Ahora se escuchan expresiones como «¡Ay, los indios van a venir a matarnos!»; «¡Ve! Siempre nos han visto con rencor y resentimiento», y otras que emergen de las capas medias ladinas, pero también de las élites. En una entrevista, Marta Elena Casaús mencionó que el indígena es la maldición de las élites oligárquicas guatemaltecas: su mayoría demográfica, su conservadurismo cultural y su complejidad como sociedad siempre han significado un recordatorio de la precariedad de la hegemonía y el poder de aquellas, los cuales se han sostenido —desde el siglo XVI, y particularmente desde finales del XIX— a través del autoritarismo, la violencia y los procesos de eugenesia y ladinización que se vienen efectuando desde finales del siglo XVIII y que vieron su consolidación después de 1871.
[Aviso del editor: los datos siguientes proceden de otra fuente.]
(* There is a universal constant $C>0$ such that for every $n\geq2$ and $V>0$, $$\mathrm{GW}(K_n^0(V)) = \mathbb{E}\sup_{\theta:\ \mathrm{TV}(\theta)\le V,\ \overline\theta = 0}\langle Z,\theta\rangle \leq C\big(V\log n\,\log(1 + 2Vn^2) + 1\big).$$
   Context: $K_n^0(V) = \{\theta\in\mathbb{R}^{n\times n}: \mathrm{TV}(\theta)\le V,\ \overline\theta=0\}$, where $\mathrm{TV}(\theta)$ is the unnormalized total variation (sum of $|\theta_u-\theta_v|$ over horizontally/vertically adjacent entries) and $\overline\theta = n^{-2}\sum_{i,j}\theta_{ij}$. For $A\subseteq\mathbb{R}^{n\times n}$, $\mathrm{GW}(A) = \mathbb{E}\sup_{v\in A}\langle Z,v\rangle$ with $Z$ an $n\times n$ matrix of i.i.d. standard normals and $\langle\cdot,\cdot\rangle$ the entrywise inner product. *)

theory Defs
  imports "HOL-Probability.Probability"
begin

text \<open>n x n matrices are functions on index pairs (i,j) with 0 <= i,j < n,
  extended by zero outside the index square.\<close>

definition grid :: "nat \<Rightarrow> (nat \<times> nat) set" where
  "grid n = {..<n} \<times> {..<n}"

definition TV :: "nat \<Rightarrow> (nat \<times> nat \<Rightarrow> real) \<Rightarrow> real" where
  "TV n \<theta> =
     (\<Sum>i<n. \<Sum>j<n - 1. \<bar>\<theta> (i, Suc j) - \<theta> (i, j)\<bar>)
   + (\<Sum>i<n - 1. \<Sum>j<n. \<bar>\<theta> (Suc i, j) - \<theta> (i, j)\<bar>)"

definition mean :: "nat \<Rightarrow> (nat \<times> nat \<Rightarrow> real) \<Rightarrow> real" where
  "mean n \<theta> = (\<Sum>p\<in>grid n. \<theta> p) / (real n)^2"

definition inner_mat :: "nat \<Rightarrow> (nat \<times> nat \<Rightarrow> real) \<Rightarrow> (nat \<times> nat \<Rightarrow> real) \<Rightarrow> real" where
  "inner_mat n Z v = (\<Sum>p\<in>grid n. Z p * v p)"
Culturalmente hablando, la violencia institucionalizada se ha ejercido siguiendo una sola dirección: desde los españoles-criollos-mestizos hacia los pueblos indígenas. ¿Ha habido rebeliones indígenas? Sí. ¿Ha habido ataques a no indígenas en comunidades indígenas? Sí. Pero enfocarse en ello sin comprender la complejidad y la profundidad histórica de estos fenómenos (y, de paso, ignorando toda la violencia —física, material, religiosa, cultural— de los no indígenas hacia los indígenas, que, además de estructural, es permanente) es también una forma de blindaje de discurso y de conciencia. Todas esas formas de violencia son las que denominamos racismo y no solo tienen la característica de ser cotidianas, sino que implican subordinaciones múltiples. No son insultos esporádicos o exclusión de algunos pocos espacios y momentos, sino una lógica permanente, además de estructural (es decir, que se ejerce desde estructuras sociales como el Estado o sectores específicos).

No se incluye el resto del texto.